White knights are men and women who enter into romantic relationships with damaged and vulnerable partners, hoping that love will transform their partner's behavior or life. Though most white knights feel that they are selfless and sacrificing, their rescuing behavior is often misguided. Problems arise when white knights care for their partners at the expense of their own needs, encounter destructive behavior, or try to control their partners.
 

ref2018

Member
It's easier to blame a metamour for our problems, rather than blaming our partner.

This is not a metamour problem. You have a problem with your PARTNER.

I was going to write this, now I don't have to I just wanted to add that the reason he won't break up with her unless you veto the relationship is so he doesn't have to take responsibility, and can say "my wife made me do it". Then you look like the bad guy, and his GF becomes a victim of the dreaded "couple privilege".
 

AlwaysGrowing

Active member
YOU are responsible for maintaining your own boundaries though. Don't want to hear about their relationship? Leave the room every time he mentions it. Partner is the one disrespecting your boundaries and ignoring your needs in the relationship. Partner is the one allowing his other partner to disrespect you and affect your relationship with partner. Meta has no obligation to you so while her behavior sucks, it is your partner's fault for letting it get to you after you've made it clear that you don't want to deal with it/her.
 

Marcus

Active member
Thanks for all the input everyone. The big thing is I really want to avoid using veto but my partner consistently ignores all my boundries with his gf. I have told both of them and especially him that I don't want to be involved. I don't want to know their problems, I don't want to be involved in them planning to get together, just tell me what city you will be in and what days. But he is always asking me what he should do when they are together and all these other things.

I don't believe in metamour problems, nor do I think the concept of strong or weak hinge is particularly helpful when talking about relationships between adults. I think you are describing is a problem with boundaries, both enforcing and respecting.

It is critical to good boundary setting to understand how important the boundary is, and to what lengths you will go to uphold it. If it's something that you will bend on, it's not a very firm boundary, and is more of a request. If the boundary is set to prevent something that is a genuine interference to your ability to flourish as a human, that is something that shouldn't be treated with the same flexibility as one that doesn't matter much.

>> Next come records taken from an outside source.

lemma trig_poly_mult_character:
  "F \<in> trig_poly \<Longrightarrow> \<phi> \<in> characters \<Longrightarrow> (\<lambda>x. F x * \<phi> x) \<in> trig_poly"
proof (induction rule: trig_poly.induct)
  case (character \<psi>)
  then show ?case by (intro trig_poly.character characters_mult)
next
  case (add F G)
  then show ?case
    using trig_poly.add[of "\<lambda>x. F x * \<phi> x" "\<lambda>x. G x * \<phi> x"] by (simp add: distrib_right)
next
  case (mult_const F c)
  then show ?case using trig_poly.mult_const[of "\<lambda>x. F x * \<phi> x" c] by (simp add: mult.assoc)
qed

lemma trig_poly_mult:
  assumes "F \<in> trig_poly" and "G \<in> trig_poly"
  shows "(\<lambda>x. F x * G x) \<in> trig_poly"
  using assms(2)
proof (induction rule: trig_poly.induct)
  case (character \<phi>)
  then show ?case by (intro trig_poly_mult_character assms(1))
next
  case (add G1 G2)
  then show ?case
    using trig_poly.add[of "\<lambda>x. F x * G1 x" "\<lambda>x. F x * G2 x"] by (simp add: distrib_left)
next
  case (mult_const G c)
  then show ?case using trig_poly.mult_const[of "\<lambda>x. F x * G x" c] by (simp add: algebra_simps)
qed

lemma trig_poly_power: "F \<in> trig_poly \<Longrightarrow> (\<lambda>x. F x ^ k) \<in> trig_poly"
  by (induction k) (auto intro: trig_poly_mult trig_poly_const)

lemma trig_poly_cnj: "F \<in> trig_poly \<Longrightarrow> (\<lambda>x. cnj (F x)) \<in> trig_poly"
  by (induction rule: trig_poly.induct) (auto intro: trig_poly.intros characters_cnj)

lemma trig_poly_norm_power:
  assumes "f \<in> trig_poly"
  shows "(\<lambda>x. complex_of_real ((cmod (f x))\<^sup>2 ^ k)) \<in> trig_poly"
proof -
  have "(f x * cnj (f x)) ^ k = complex_of_real ((cmod (f x))\<^sup>2 ^ k)" for x
    by (simp add: complex_norm_square[symmetric])
  moreover have "(\<lambda>x. (f x * cnj (f x)) ^ k) \<in> trig_poly"
    by (intro trig_poly_power trig_poly_mult assms trig_poly_cnj)
  ultimately show ?thesis by simp
qed

lemma trig_poly_comp_hom:
  fixes \<pi> :: "'a::{topological_group_add,ab_group_add} \<Rightarrow> 'b::{topological_group_add,ab_group_add}"
  assumes "continuous_on UNIV \<pi>" "\<forall>x y. \<pi> (x + y) = \<pi> x + \<pi> y" "F \<in> trig_poly"
  shows "(\<lambda>x. F (\<pi> x)) \<in> trig_poly"
  using assms(3)
  by (induction rule: trig_poly.induct)
    (auto intro: trig_poly.intros characters_comp_hom[OF assms(1,2)])

lemma int_char_combs_subset_trig_poly: "int_char_combs \<subseteq> trig_poly"
proof
  fix f assume "f \<in> int_char_combs"
  then obtain S c where S: "finite S" "S \<subseteq> characters"
    and f: "f = (\<lambda>x. \<Sum>\<phi>\<in>S. of_int (c \<phi>) * \<phi> x)"
    unfolding int_char_combs_def by auto
  have "(\<lambda>x. \<Sum>\<phi>\<in>S. of_int (c \<phi>) * \<phi> x) \<in> trig_poly"
    using S
  proof (induction S rule: finite_induct)
    case empty
    then show ?case using trig_poly_const[of 0] by simp
  next
    case (insert \<phi> S)
    then have "(\<lambda>x. of_int (c \<phi>) * \<phi> x) \<in> trig_poly"
      and "(\<lambda>x. \<Sum>\<phi>\<in>S. of_int (c \<phi>) * \<phi> x) \<in> trig_poly"
      by (auto intro: trig_poly.mult_const trig_poly.character)
    from trig_poly.add[OF this] show ?case using insert.hyps by simp
  qed
  then show "f \<in> trig_poly" using f by simp
qed

lemma int_char_combs_comp_surj_hom:
  fixes \<pi> :: "'a::{topological_group_add,ab_group_add} \<Rightarrow> 'b::{topological_group_add,ab_group_add}"
  assumes "continuous_on UNIV \<pi>" "\<forall>x y. \<pi> (x + y) = \<pi> x + \<pi> y" "surj \<pi>"
    and "f \<in> int_char_combs"
  shows "(\<lambda>x. f (\<pi> x)) \<in> int_char_combs"
proof -
  obtain S c where S: "finite S" "S \<subseteq> characters"
    and f: "f = (\<lambda>x. \<Sum>\<phi>\<in>S. of_int (c \<phi>) * \<phi> x)"
    using assms(4) unfolding int_char_combs_def by auto
  define pull where "pull = (\<lambda>(\<phi>::'b \<Rightarrow> complex) x. \<phi> (\<pi> x))"
  have "inj pull"
  proof (rule injI)
    fix \<phi> \<psi> assume "pull \<phi> = pull \<psi>"
    then show "\<phi> = \<psi>" using assms(3) unfolding pull_def by (metis surjD ext)
  qed
  have "(\<lambda>x. f (\<pi> x)) = (\<lambda>x. \<Sum>\<psi>\<in>pull ` S. of_int (c (inv pull \<psi>)) * \<psi> x)"
  proof
    fix x
    have "(\<Sum>\<psi>\<in>pull ` S. of_int (c (inv pull \<psi>)) * \<psi> x) =
        (\<Sum>\<phi>\<in>S. of_int (c (inv pull (pull \<phi>))) * pull \<phi> x)"
      by (rule sum.reindex[OF inj_on_subset[OF \<open>inj pull\<close>], simplified])
    also have "\<dots> = f (\<pi> x)"
      by (simp only: inv_f_f[OF \<open>inj pull\<close>]) (simp add: f pull_def)
    finally show "f (\<pi> x) = (\<Sum>\<psi>\<in>pull ` S. of_int (c (inv pull \<psi>)) * \<psi> x)" ..
  qed
  moreover have "pull ` S \<subseteq> characters"
    using S(2) characters_comp_hom[OF assms(1,2)] unfolding pull_def by auto
  ultimately show ?thesis
    using S(1) unfolding int_char_combs_def
    by (intro CollectI exI[where x="pull ` S"] exI[where x="\<lambda>\<psi>. c (inv pull \<psi>)"]) simp
qed

lemma integrable_trig_poly:
  fixes \<mu> :: "('a::{topological_group_add,ab_group_add,t2_space}) measure"
  assumes "haar \<mu>" "F \<in> trig_poly"
  shows "integrable \<mu> F"
proof -
  interpret prob_space \<mu> using haar_prob_space[OF assms(1)] .
  obtain B where "\<forall>x. norm (F x) \<le> B" using trig_poly_bounded[OF assms(2)] by auto
  then show ?thesis
    by (intro integrable_const_bound[where B=B] AE_I2
        borel_measurable_continuous_on_UNIV[OF sets_haar[OF assms(1)]]
        trig_poly_continuous[OF assms(2)]) auto
qed

lemma integral_trig_poly_comp_surj_hom:
  fixes \<mu> :: "('a::{topological_group_add,ab_group_add,t2_space}) measure"
    and \<nu> :: "('b::{topological_group_add,ab_group_add,t2_space}) measure"
    and \<pi> :: "'a \<Rightarrow> 'b"
  assumes "haar \<mu>" "haar \<nu>"
    and hom: "continuous_on UNIV \<pi>" "\<forall>x y. \<pi> (x + y) = \<pi> x + \<pi> y" and "surj \<pi>"
    and "F \<in> trig_poly"
  shows "integral\<^sup>L \<mu> (\<lambda>x. F (\<pi> x)) = integral\<^sup>L \<nu> F"
  using assms(6)
proof (induction rule: trig_poly.induct)
  case (character \<phi>)
  have "(\<forall>x. \<phi> (\<pi> x) = 1) \<longleftrightarrow> (\<forall>y. \<phi> y = 1)" using \<open>surj \<pi>\<close> by (metis surjD)
  then show ?case
    using integral_character_haar[OF assms(1) characters_comp_hom[OF hom character]]
      integral_character_haar[OF assms(2) character] by simp
next
  case (add F G)
  then show ?case
    by (simp add: integrable_trig_poly trig_poly_comp_hom assms)
qed simp

lemma integrable_continuous_comp_bounded:
  fixes h :: "real \<Rightarrow> 'b::{banach,second_countable_topology}"
  assumes "prob_space M" "Y \<in> borel_measurable M" "compact S" "\<forall>x\<in>space M. Y x \<in> S"
    and "continuous_on UNIV h"
  shows "integrable M (\<lambda>x. h (Y x))"
proof -
  interpret prob_space M by fact
  have "compact (h ` S)"
    by (rule compact_continuous_image[OF continuous_on_subset[OF assms(5)] assms(3)]) auto
  then obtain B where "\<forall>z\<in>h ` S. norm z \<le> B" using compact_imp_bounded bounded_iff by metis
  then show ?thesis
    using assms(2,4) borel_measurable_continuous_onI[OF assms(5)]
    by (intro integrable_const_bound[where B=B] AE_I2) auto
qed

context
  fixes M :: "'a measure" and Y :: "'a \<Rightarrow> real" and S :: "real set"
  assumes M_prob: "prob_space M" and Y_measurable: "Y \<in> borel_measurable M"
    and S_compact: "compact S" and Y_in_S: "\<forall>x\<in>space M. Y x \<in> S"
begin

private lemmas integrable_comp =
  integrable_continuous_comp_bounded[OF M_prob Y_measurable S_compact Y_in_S]

lemma integral_poly_comp:
  "integral\<^sup>L M (\<lambda>x. poly p (Y x)) = (\<Sum>i\<le>degree p. coeff p i * integral\<^sup>L M (\<lambda>x. Y x ^ i))"
  unfolding poly_altdef
  by (subst Bochner_Integration.integral_sum) (auto intro!: integrable_comp continuous_intros)

lemma abs_integral_comp_diff_le:
  fixes g h :: "real \<Rightarrow> real"
  assumes "continuous_on UNIV g" "continuous_on UNIV h" "\<forall>s\<in>S. \<bar>g s - h s\<bar> \<le> e"
  shows "\<bar>integral\<^sup>L M (\<lambda>x. g (Y x)) - integral\<^sup>L M (\<lambda>x. h (Y x))\<bar> \<le> e"
proof -
  interpret prob_space M by (rule M_prob)
  have int: "integrable M (\<lambda>x. g (Y x) - h (Y x))"
    using integrable_comp[of "\<lambda>s. g s - h s"] assms(1,2) by (simp add: continuous_on_diff)
  have bound: "AE x in M. \<bar>g (Y x) - h (Y x)\<bar> \<le> e"
    using assms(3) Y_in_S by (intro AE_I2) auto
  have "integral\<^sup>L M (\<lambda>x. g (Y x) - h (Y x)) \<le> e"
    by (rule integral_le_const[OF int]) (use bound in auto)
  moreover have "- e \<le> integral\<^sup>L M (\<lambda>x. g (Y x) - h (Y x))"
    by (rule integral_ge_const[OF int]) (use bound in auto)
  moreover have "integral\<^sup>L M (\<lambda>x. g (Y x) - h (Y x)) =
      integral\<^sup>L M (\<lambda>x. g (Y x)) - integral\<^sup>L M (\<lambda>x. h (Y x))"
    by (intro Bochner_Integration.integral_diff integrable_comp assms)
  ultimately show ?thesis by linarith
qed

The other part is to know how important the boundary is, how likely you are to flex on it. This is essentially like setting ground rules on a contract, you note what the agreement is, what a breach of the contract looks like, and what the consequences are for breaching that contract. That's all pretty formal and I certainly don't approach it that clinically, but I try to be very clear about my boundaries if I expect others to respect them.

Your boundary sounds like it might be described as: "This person makes me genuinely crazy, and I am simply not willing to have them in my life. They are not welcome where I live, and I will not entertain hearing details of your issues with this person"​
The criticality of the boundary might be described as: "I know that this creates some inconvenience, and it could even require that we change our living situation or other details, but I need to let you know that this is not flexible, and I will not entertain requests to disregard this boundary"​

At this point the two of you can discuss if changes need to be made to afford the boundary room to be respected, and whether or not they are fully on board with respecting your boundary. If they don't respect your boundary, which it sounds like they are making a habit of, you need to decide what you are going to do about it. At this point it stops being about your partner and their partner, and comes down to "how much do you value your own boundaries?".